Three approaches of emotion classification were proposed and studied in detail, i.e. direct emotional classification of review texts; opinion filtering and emotional classification of opinions; and a hierarchical approach of opinion filtering, opinion polarity identification and emotion classification. At each step, Decision Tree, Support Vector Machine and Multinomial Naïve Bayes were tested as classifiers.

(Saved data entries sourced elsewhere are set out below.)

theorem mainTheorem4:
  fixes f :: "real \<Rightarrow> complex"
  assumes "bounded (range f)" and "uniformly_continuous_on UNIV f"
  shows "\<exists>\<rho>. \<rho> holomorphic_on UNIV \<and>
    (\<forall>s::complex. Re s > 1 \<longrightarrow>
       Gamma s * osc_trace f s =
         complex_of_real (1 / (2 * sqrt pi)) *
           (LBINT t=0..1. (LINT x|lborel.
              (complex_of_real t) powr (s - 1) * complex_of_real (1 / sinh t)
              * f (x * sqrt (cosh t / sinh t)) * complex_of_real (exp (- (x^2)))))
         + \<rho> s)"
proof -
  obtain B where f_le: "\<And>x. norm (f x) \<le> B" using assms(1) by (auto simp: bounded_iff)
  have f_measurable: "f \<in> borel_measurable borel"
    using uniformly_continuous_imp_continuous[OF assms(2)] by (rule borel_measurable_continuous_onI)
  define \<rho> where "\<rho> s = (LINT t:{1..}|lborel. of_real t powr (s-1) * heat_trace f t)" for s
  have "\<rho> holomorphic_on UNIV"
    unfolding \<rho>_def
    using continuous_on_heat_trace[OF f_measurable f_le] norm_heat_trace_le[OF f_measurable f_le]
    by (intro holomorphic_mellin_tail) (auto elim: continuous_on_subset)
  then show ?thesis
    using Gamma_osc_trace_eq_split[OF f_measurable f_le]
    by (intro exI[of _ \<rho>])
       (simp add: \<rho>_def set_integral_heat_trace_unit_interval[OF f_measurable f_le])
qed

end
lemma distr_u_map_eq_density:
  assumes f[measurable]: "f \<in> borel_measurable (lebk k)" and f_nonneg: "\<forall>v. f v \<ge> 0"
    and f_supp: "\<forall>v. v \<notin> pos_orthant k \<longrightarrow> f v = 0"
  shows "distr (density (lebk k \<Otimes>\<^sub>M lebk k) (\<lambda>(x, v). ennreal (f1_dens k \<alpha> \<beta> x * f v)))
           (lebk k) (u_map k) = density (lebk k) (u_density k \<alpha> \<beta> f)"
proof (rule measure_eqI)
  interpret PP: pair_sigma_finite "lebk k" "lebk k"
    by (intro pair_sigma_finite.intro sigma_finite_lebk)
  let ?C = "C1 k \<alpha> \<beta>"
  let ?Q = "\<lambda>u v. \<Prod>j\<in>{1..k}. beta_kernel (\<alpha> j) (gam k \<alpha> \<beta> j - 1) (v j) (u j)"
  let ?D = "\<lambda>u v. ennreal (?C * f v * ?Q u v)"
  fix A assume "A \<in> sets (distr (density (lebk k \<Otimes>\<^sub>M lebk k)
      (\<lambda>(x, v). ennreal (f1_dens k \<alpha> \<beta> x * f v))) (lebk k) (u_map k))"
  then have A[measurable]: "A \<in> sets (lebk k)" by simp
  have inner: "(\<integral>\<^sup>+x. ennreal (f1_dens k \<alpha> \<beta> x * f v) * indicator A (u_map k (x, v)) \<partial>lebk k)
      = (\<integral>\<^sup>+u. ?D u v * indicator A u \<partial>lebk k)" for v
  proof (cases "v \<in> pos_orthant k")
    case True
    show ?thesis
      by (rule nn_integral_u_map_f1_dens[OF True borel_measurable_indicator[OF A]]) (use f_nonneg in simp)
  qed (simp add: f_supp)
  have "emeasure (distr (density (lebk k \<Otimes>\<^sub>M lebk k) (\<lambda>(x, v). ennreal (f1_dens k \<alpha> \<beta> x * f v)))
      (lebk k) (u_map k)) A
      = emeasure (density (lebk k \<Otimes>\<^sub>M lebk k) (\<lambda>(x, v). ennreal (f1_dens k \<alpha> \<beta> x * f v)))
          (u_map k -` A \<inter> space (lebk k \<Otimes>\<^sub>M lebk k))"
    using measurable_u_map[of k] A by (subst emeasure_distr) simp_all
  also have "\<dots> = (\<integral>\<^sup>+p. ennreal (f1_dens k \<alpha> \<beta> (fst p) * f (snd p)) * indicator A (u_map k p) \<partial>(lebk k \<Otimes>\<^sub>M lebk k))"
  proof -
    have "(\<lambda>(x, v). ennreal (f1_dens k \<alpha> \<beta> x * f v)) \<in> borel_measurable (lebk k \<Otimes>\<^sub>M lebk k)"
      unfolding f1_dens_def by measurable
    moreover have "u_map k -` A \<inter> space (lebk k \<Otimes>\<^sub>M lebk k) \<in> sets (lebk k \<Otimes>\<^sub>M lebk k)"
      by measurable
    ultimately show ?thesis
      by (subst emeasure_density) (auto simp: split_beta' indicator_def intro!: nn_integral_cong)
  qed
  also have "\<dots> = (\<integral>\<^sup>+v. \<integral>\<^sup>+x. ennreal (f1_dens k \<alpha> \<beta> x * f v) * indicator A (u_map k (x, v)) \<partial>lebk k \<partial>lebk k)"
  proof -
    have "(\<lambda>p. ennreal (f1_dens k \<alpha> \<beta> (fst p) * f (snd p)) * indicator A (u_map k p))
        \<in> borel_measurable (lebk k \<Otimes>\<^sub>M lebk k)"
      unfolding f1_dens_def by measurable
    from PP.nn_integral_snd[OF this] show ?thesis by simp
  qed
  also have "\<dots> = (\<integral>\<^sup>+v. \<integral>\<^sup>+u. ?D u v * indicator A u \<partial>lebk k \<partial>lebk k)"
    by (simp only: inner)
  also have "\<dots> = (\<integral>\<^sup>+u. \<integral>\<^sup>+v. ?D u v * indicator A u \<partial>lebk k \<partial>lebk k)"
    by (rule PP.Fubini') measurable
  also have "\<dots> = (\<integral>\<^sup>+u. u_density k \<alpha> \<beta> f u * indicator A u \<partial>lebk k)"
    unfolding u_density_def by (intro nn_integral_cong nn_integral_multc) measurable
  also have "\<dots> = emeasure (density (lebk k) (u_density k \<alpha> \<beta> f)) A"
    by (rule emeasure_density[symmetric]) measurable
  finally show "emeasure (distr (density (lebk k \<Otimes>\<^sub>M lebk k)
      (\<lambda>(x, v). ennreal (f1_dens k \<alpha> \<beta> x * f v))) (lebk k) (u_map k)) A
      = emeasure (density (lebk k) (u_density k \<alpha> \<beta> f)) A" .
qed simp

A set of experiments was conducted to evaluate the effectiveness of the different approaches and configurations on a collection of actual informal freetext reviews acquired from the Internet. The results showed that the proposed hierarchical approach had the best performance with precision, recall and Fmeasure at 0.691, 0.743 and 0.709, respectively. In addition, the Tf-Idf of bigram words was found to be the most effective set of features to tackle this problem.